Stored data:
■ ■ ■

lemma rad_eq_infinity_if_nonneg:
  assumes nonneg: "\<And>T. T \<in> PT \<Longrightarrow> f T \<in> \<real> \<and> 0 \<le> Re (f T)"
    and summable: "\<And>\<rho>. 0 \<le> \<rho> \<Longrightarrow> summable (\<lambda>n. Re (degree_fps f $ n) * \<rho> ^ n)"
  shows "rad f = \<infinity>"
proof -
  have "(\<lambda>T. norm (f T) * \<rho> ^ pdeg T) summable_on PT" if "0 \<le> \<rho>" for \<rho>
  proof (rule summable_on_PT_if_degree_sums_summable)
    have "norm (f T) = Re (f T)" if "T \<in> PT" for T
      using nonneg[OF that] by (simp add: cmod_eq_Re complex_is_Real_iff)
    then have "(\<Sum>T\<in>trees_of_degree n. norm (f T) * \<rho> ^ pdeg T) = Re (degree_fps f $ n) * \<rho> ^ n" for n
      by (simp add: trees_of_degree_def sum_distrib_right)
    then show "summable (\<lambda>n. \<Sum>T\<in>trees_of_degree n. norm (f T) * \<rho> ^ pdeg T)"
      using summable[OF that] by simp
  qed (use that in simp)
  then have "{ereal \<rho> | \<rho>. \<rho> \<ge> 0 \<and> (\<lambda>T. norm (f T) * \<rho> ^ pdeg T) summable_on PT} = ereal ` {0..}"
    by auto
  then have "rad f = (SUP \<rho>\<in>{0..}. ereal \<rho>)"
    by (simp add: rad_def)
  also have "\<dots> = \<infinity>"
    by (rule SUP_PInfty) (auto intro!: bexI[of _ "real _"])
  finally show ?thesis .
qed

theorem mainTheorem6:
  fixes k :: nat
  assumes "k \<ge> 2"
  shows "(\<forall>T\<in>PT. exp_k k T \<in> \<real> \<and> Re (exp_k k T) \<ge> 0)
       \<and> (\<forall>n::nat. (\<Sum>T\<in>{T\<in>PT. pdeg T = n}. exp_k k T) = 1 / of_nat (fact n))
       \<and> rad (exp_k k) = \<infinity>"
proof -
  have nonneg: "exp_k k T \<in> \<real> \<and> 0 \<le> Re (exp_k k T)" for T
    using assms exp_series_nonneg[of k T] by (simp add: exp_k_eq_exp_series)
  have fps: "degree_fps (exp_k k) = fps_exp 1"
    by (rule is_exp_degree_fps[OF assms is_exp_exp_k[OF assms]])
  have degree_sums: "(\<Sum>T\<in>{T\<in>PT. pdeg T = n}. exp_k k T) = 1 / of_nat (fact n)" for n
    using arg_cong[OF fps, of "\<lambda>F. F $ n"] by (simp add: trees_of_degree_def)
  have "rad (exp_k k) = \<infinity>"
  proof (rule rad_eq_infinity_if_nonneg)
    have "Re (degree_fps (exp_k k) $ n) = inverse (fact n)" for n
      using Re_complex_of_real[of "inverse (fact n)"] by (simp add: fps divide_inverse)
    then show "summable (\<lambda>n. Re (degree_fps (exp_k k) $ n) * \<rho> ^ n)" for \<rho>
      using summable_exp[of \<rho>] by simp
  qed (rule nonneg)
  with nonneg degree_sums show ?thesis
    by simp
qed

end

■ ■ ■

Can you repeat, word for word, every line above from the one containing "by (simp add: rad_def)" down to the one containing "k T) \<ge> 0)", including both?

    by (simp add: rad_def)
  also have "\<dots> = \<infinity>"
    by (rule SUP_PInfty) (auto intro!: bexI[of _ "real _"])
  finally show ?thesis .
qed

theorem mainTheorem6:
  fixes k :: nat
  assumes "k \<ge> 2"
  shows "(\<forall>T\<in>PT. exp_k k T \<in> \<real> \<and> Re (exp_k k T) \<ge> 0)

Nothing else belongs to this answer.